Da janela do meu quarto,
por entre grades, vejo o Colibri ferido. O pobre pássaro tinha uma das asas
quebrada. Asa quebrada, liberdade tolhida. Era uma cena deveras triste, fitar o
pequeno pássaro – senhor dos ares – preso ao chão, quando seu destino e sua
natureza chamavam-no às alturas. Seu canto parecia um lamento que transpassava
o meu ser e contorcia-me as “entranhas”. Aos poucos, aquele canto ou gemido foi
dando lugar ao silêncio. Silêncio que parecia resignação. Não havia mais canto,
a dor tem, às vezes, um teor ascético: “abstém-te e suporta”. Mas, fazer ascese
é sempre morrer um pouco.
Olhando o Colibri, vi
apenas o quanto ele era prisioneiro. Se pudesse raciocinar, agora saberia avaliar
a riqueza dos momentos nos quais rasgara o vento e sentia as asas da liberdade.

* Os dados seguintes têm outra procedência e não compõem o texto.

(* (i) Let $S$ be a unital nonassociative ring with multiplication $\circ$ which has an associative subring $D$ that is a division algebra, such that $S$ is a free left $D$-module of rank $m$. Suppose that: (1) there is $t\in S$ such that $t^i$, $0\le i<m$, is a basis of $S$ over $D$, where $t^0=1$ and $t^{i+1}=t\circ t^i$; (2) for all $a\in D$, $a\ne0$, there is $a'\in D$, $a'\neq0$, such that $t\circ a=a'\circ t$; (3) for all $a,b,c\in D$, $i+j<m$, $k<m$, we have $[a\circ t^i,b\circ t^j,c\circ t^k]=0$; (4) $t^m=d$ with $d\in D$; (5) the map $\sigma:D\to D$, $\sigma(a)=a'$ (with $\sigma(0)=0$), has order $m$ and fixed set $\{a\in D\mid t\circ a=a\circ t\}$, $D$ is a central simple algebra over its center $F$, and $F_0=F\cap\mathrm{Fix}(\sigma)$ contains a primitive $m$th root of unity $\omega$. Then $S\cong S_f=(D,\sigma,d)$ with $f(t)=t^m-d\in D[t;\sigma]$. (ii) If moreover $S$ is a right division ring and $D$ is a central simple algebra, then $f$ is irreducible and $S$ is a nonassociative cyclic extension of $D$ of degree $m$.
   Context: $[x,y,z]=(x\circ y)\circ z-x\circ(y\circ z)$ is the associator. $D[t;\sigma]$ is the twisted polynomial ring (polynomials $\sum a_it^i$, $a_i\in D$, multiplication determined by $ta=\sigma(a)t$); $(D,\sigma,d)=S_f$ is the set of polynomials of degree $<m$ with multiplication $g\circ h=$ remainder of $gh$ on right division by $f=t^m-d$. A nonassociative ring $S\ne0$ is a right division ring if right multiplication $x\mapsto x\circ a$ is bijective for every $a\neq0$. $f$ is irreducible if not a unit and not a product of two non-units. Definition: if $A$ is a nonassociative division algebra and $D\subseteq A$ an associative division subalgebra, $A$ is a nonassociative cyclic extension of $D$ of degree $m$ if $A$ is a free left $D$-module of rank $m$ and $\mathrm{Aut}(A)$ has a cyclic subgroup $G$ of order $m$ with $H|_D=\mathrm{id}_D$ for all $H\in G$. *)

theory Defs
  imports "HOL-Algebra.Ring"
begin

definition nonassoc_ring :: "('a, 'b) ring_scheme \<Rightarrow> bool" where
  "nonassoc_ring R \<longleftrightarrow> abelian_group R \<and>
     (\<forall>x\<in>carrier R. \<forall>y\<in>carrier R. x \<otimes>\<^bsub>R\<^esub> y \<in> carrier R) \<and>
     \<one>\<^bsub>R\<^esub> \<in> carrier R \<and>
     (\<forall>x\<in>carrier R. \<one>\<^bsub>R\<^esub> \<otimes>\<^bsub>R\<^esub> x = x \<and> x \<otimes>\<^bsub>R\<^esub> \<one>\<^bsub>R\<^esub> = x) \<and>
     (\<forall>x\<in>carrier R. \<forall>y\<in>carrier R. \<forall>z\<in>carrier R.
        (x \<oplus>\<^bsub>R\<^esub> y) \<otimes>\<^bsub>R\<^esub> z = (x \<otimes>\<^bsub>R\<^esub> z) \<oplus>\<^bsub>R\<^esub> (y \<otimes>\<^bsub>R\<^esub> z) \<and>
        z \<otimes>\<^bsub>R\<^esub> (x \<oplus>\<^bsub>R\<^esub> y) = (z \<otimes>\<^bsub>R\<^esub> x) \<oplus>\<^bsub>R\<^esub> (z \<otimes>\<^bsub>R\<^esub> y))"

definition associator :: "('a, 'b) ring_scheme \<Rightarrow> 'a \<Rightarrow> 'a \<Rightarrow> 'a \<Rightarrow> 'a" where
  "associator R x y z = ((x \<otimes>\<^bsub>R\<^esub> y) \<otimes>\<^bsub>R\<^esub> z) \<ominus>\<^bsub>R\<^esub> (x \<otimes>\<^bsub>R\<^esub> (y \<otimes>\<^bsub>R\<^esub> z))"

primrec npow :: "('a, 'b) ring_scheme \<Rightarrow> 'a \<Rightarrow> nat \<Rightarrow> 'a" where
  "npow R t 0 = \<one>\<^bsub>R\<^esub>"
| "npow R t (Suc i) = t \<otimes>\<^bsub>R\<^esub> npow R t i"

definition assoc_division_subring :: "('a, 'b) ring_scheme \<Rightarrow> 'a set \<Rightarrow> bool" where
  "assoc_division_subring R D \<longleftrightarrow> D \<subseteq> carrier R \<and> \<zero>\<^bsub>R\<^esub> \<in> D \<and> \<one>\<^bsub>R\<^esub> \<in> D \<and>
     \<one>\<^bsub>R\<^esub> \<noteq> \<zero>\<^bsub>R\<^esub> \<and>
     (\<forall>a\<in>D. \<forall>b\<in>D. a \<oplus>\<^bsub>R\<^esub> b \<in> D \<and> a \<otimes>\<^bsub>R\<^esub> b \<in> D) \<and>
     (\<forall>a\<in>D. \<ominus>\<^bsub>R\<^esub> a \<in> D) \<and>
     (\<forall>a\<in>D. \<forall>b\<in>D. \<forall>c\<in>D. (a \<otimes>\<^bsub>R\<^esub> b) \<otimes>\<^bsub>R\<^esub> c = a \<otimes>\<^bsub>R\<^esub> (b \<otimes>\<^bsub>R\<^esub> c)) \<and>
     (\<forall>a\<in>D. a \<noteq> \<zero>\<^bsub>R\<^esub> \<longrightarrow> (\<exists>b\<in>D. a \<otimes>\<^bsub>R\<^esub> b = \<one>\<^bsub>R\<^esub> \<and> b \<otimes>\<^bsub>R\<^esub> a = \<one>\<^bsub>R\<^esub>))"

definition center_of :: "('a, 'b) ring_scheme \<Rightarrow> 'a set \<Rightarrow> 'a set" where
  "center_of R D = {z \<in> D. \<forall>x\<in>D. z \<otimes>\<^bsub>R\<^esub> x = x \<otimes>\<^bsub>R\<^esub> z}"

definition two_sided_ideal :: "('a, 'b) ring_scheme \<Rightarrow> 'a set \<Rightarrow> 'a set \<Rightarrow> bool" where
  "two_sided_ideal R D I \<longleftrightarrow> I \<subseteq> D \<and> \<zero>\<^bsub>R\<^esub> \<in> I \<and>
     (\<forall>x\<in>I. \<forall>y\<in>I. x \<oplus>\<^bsub>R\<^esub> y \<in> I) \<and> (\<forall>x\<in>I. \<ominus>\<^bsub>R\<^esub> x \<in> I) \<and>
     (\<forall>a\<in>D. \<forall>x\<in>I. a \<otimes>\<^bsub>R\<^esub> x \<in> I \<and> x \<otimes>\<^bsub>R\<^esub> a \<in> I)"

definition central_simple :: "('a, 'b) ring_scheme \<Rightarrow> 'a set \<Rightarrow> bool" where
  "central_simple R D \<longleftrightarrow>
     (\<forall>I. two_sided_ideal R D I \<longrightarrow> I = {\<zero>\<^bsub>R\<^esub>} \<or> I = D) \<and> D \<noteq> {\<zero>\<^bsub>R\<^esub>} \<and>
     (\<exists>B. finite B \<and> B \<subseteq> D \<and>
        (\<forall>x\<in>D. \<exists>c. (\<forall>b\<in>B. c b \<in> center_of R D) \<and>
                    x = (\<Oplus>\<^bsub>R\<^esub> b\<in>B. c b \<otimes>\<^bsub>R\<^esub> b)))"

definition left_basis :: "('a, 'b) ring_scheme \<Rightarrow> 'a set \<Rightarrow> (nat \<Rightarrow> 'a) \<Rightarrow> nat \<Rightarrow> bool" where
  "left_basis R D b m \<longleftrightarrow> (\<forall>i<m. b i \<in> carrier R) \<and>
     (\<forall>x\<in>carrier R. \<exists>!c. c \<in> {..<m} \<rightarrow>\<^sub>E D \<and> x = (\<Oplus>\<^bsub>R\<^esub> i\<in>{..<m}. c i \<otimes>\<^bsub>R\<^esub> b i))"

definition free_left_module :: "('a, 'b) ring_scheme \<Rightarrow> 'a set \<Rightarrow> nat \<Rightarrow> bool" where
  "free_left_module R D m \<longleftrightarrow>
     (\<forall>a\<in>D. \<forall>b\<in>D. \<forall>x\<in>carrier R. (a \<otimes>\<^bsub>R\<^esub> b) \<otimes>\<^bsub>R\<^esub> x = a \<otimes>\<^bsub>R\<^esub> (b \<otimes>\<^bsub>R\<^esub> x)) \<and>
     (\<exists>b. left_basis R D b m)"

definition right_division_ring :: "('a, 'b) ring_scheme \<Rightarrow> bool" where
  "right_division_ring R \<longleftrightarrow> carrier R \<noteq> {\<zero>\<^bsub>R\<^esub>} \<and>
     (\<forall>a\<in>carrier R. a \<noteq> \<zero>\<^bsub>R\<^esub> \<longrightarrow> bij_betw (\<lambda>x. x \<otimes>\<^bsub>R\<^esub> a) (carrier R) (carrier R))"

definition nonassoc_division_ring :: "('a, 'b) ring_scheme \<Rightarrow> bool" where
  "nonassoc_division_ring R \<longleftrightarrow> nonassoc_ring R \<and> carrier R \<noteq> {\<zero>\<^bsub>R\<^esub>} \<and>
     (\<forall>a\<in>carrier R. a \<noteq> \<zero>\<^bsub>R\<^esub> \<longrightarrow>
        bij_betw (\<lambda>x. x \<otimes>\<^bsub>R\<^esub> a) (carrier R) (carrier R) \<and>
        bij_betw (\<lambda>x. a \<otimes>\<^bsub>R\<^esub> x) (carrier R) (carrier R))"

definition na_iso :: "('a, 'b) ring_scheme \<Rightarrow> ('c, 'd) ring_scheme \<Rightarrow> ('a \<Rightarrow> 'c) \<Rightarrow> bool" where
  "na_iso R S \<phi> \<longleftrightarrow> bij_betw \<phi> (carrier R) (carrier S) \<and> \<phi> \<one>\<^bsub>R\<^esub> = \<one>\<^bsub>S\<^esub> \<and>
     (\<forall>x\<in>carrier R. \<forall>y\<in>carrier R.
        \<phi> (x \<oplus>\<^bsub>R\<^esub> y) = \<phi> x \<oplus>\<^bsub>S\<^esub> \<phi> y \<and> \<phi> (x \<otimes>\<^bsub>R\<^esub> y) = \<phi> x \<otimes>\<^bsub>S\<^esub> \<phi> y)"

definition na_aut :: "('a, 'b) ring_scheme \<Rightarrow> ('a \<Rightarrow> 'a) set" where
  "na_aut R = {h. h \<in> extensional (carrier R) \<and> na_iso R R h}"

definition nonassoc_cyclic_ext :: "('a, 'b) ring_scheme \<Rightarrow> 'a set \<Rightarrow> nat \<Rightarrow> bool" where
  "nonassoc_cyclic_ext R D m \<longleftrightarrow>
     nonassoc_division_ring R \<and> assoc_division_subring R D \<and> free_left_module R D m \<and>
     (\<exists>G. G \<subseteq> na_aut R \<and> finite G \<and> card G = m \<and>
        (\<exists>g\<in>G. G = {restrict (g ^^ k) (carrier R) | k. True}) \<and>
        (\<forall>H\<in>G. \<forall>a\<in>D. H a = a))"

definition tpolys :: "('a, 'b) ring_scheme \<Rightarrow> 'a set \<Rightarrow> (nat \<Rightarrow> 'a) set" where
  "tpolys R D = {p. (\<forall>i. p i \<in> D) \<and> finite {i. p i \<noteq> \<zero>\<^bsub>R\<^esub>}}"

definition tp_add :: "('a, 'b) ring_scheme \<Rightarrow> (nat \<Rightarrow> 'a) \<Rightarrow> (nat \<Rightarrow> 'a) \<Rightarrow> nat \<Rightarrow> 'a" where
  "tp_add R p q = (\<lambda>i. p i \<oplus>\<^bsub>R\<^esub> q i)"

text \<open>(a t^i)(b t^j) = a \<sigma>^i(b) t^(i+j).\<close>
definition tp_mult :: "('a, 'b) ring_scheme \<Rightarrow> ('a \<Rightarrow> 'a) \<Rightarrow> (nat \<Rightarrow> 'a) \<Rightarrow> (nat \<Rightarrow> 'a) \<Rightarrow> nat \<Rightarrow> 'a" where
  "tp_mult R \<sigma> p q = (\<lambda>n. \<Oplus>\<^bsub>R\<^esub> i\<in>{..n}. p i \<otimes>\<^bsub>R\<^esub> (\<sigma> ^^ i) (q (n - i)))"

definition tp_one :: "('a, 'b) ring_scheme \<Rightarrow> nat \<Rightarrow> 'a" where
  "tp_one R = (\<lambda>i. if i = 0 then \<one>\<^bsub>R\<^esub> else \<zero>\<^bsub>R\<^esub>)"

definition tp_unit :: "('a, 'b) ring_scheme \<Rightarrow> 'a set \<Rightarrow> ('a \<Rightarrow> 'a) \<Rightarrow> (nat \<Rightarrow> 'a) \<Rightarrow> bool" where
  "tp_unit R D \<sigma> p \<longleftrightarrow> p \<in> tpolys R D \<and>
     (\<exists>q\<in>tpolys R D. tp_mult R \<sigma> p q = tp_one R \<and> tp_mult R \<sigma> q p = tp_one R)"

Tempos que podia alçar voos ao encontro do néctar da mais nobre Açucena. A flor
rubra como o sangue e singela com um anjo.
Pobre Colibri, envolto
no manto do silêncio resignado. Se pudesse amar, ficaria triste ao sentir que
não ouviria mais o sussurro da Açucena bailando diante dos seus olhos, embalada
pelo vento de suas asas. Imaginar aquele som como uma música aos seus ouvidos e
aquela cena como um espetáculo aos seus pequenos olhos.
A vida deste Colibri,
ferido e aprisionado ao solo como uma árvore pela raiz, agora está por um fio. A
ave pequena nascida para as alturas parece saber que sua vida é, em grande
parte, dom da Açucena, quando esta lhe oferecia a seiva da vida. Se a nobre
flor fosse uma mulher, creio que a seiva não se chamaria néctar, mas amor. E seria
o amor de Açucena o único laço admissível a anelar o senhor dos ares.
Pode-se privar o
Colibri de voar, como se pode privar o ser humano de amar. Porém, nos dois
casos será sempre uma sentença de morte.
Epitácio
Rodrigues
In: DUARTE, Elieldo Carvalho
& RODRIGUES, Epitácio. As Portas do Tempo nos Muros da Vida.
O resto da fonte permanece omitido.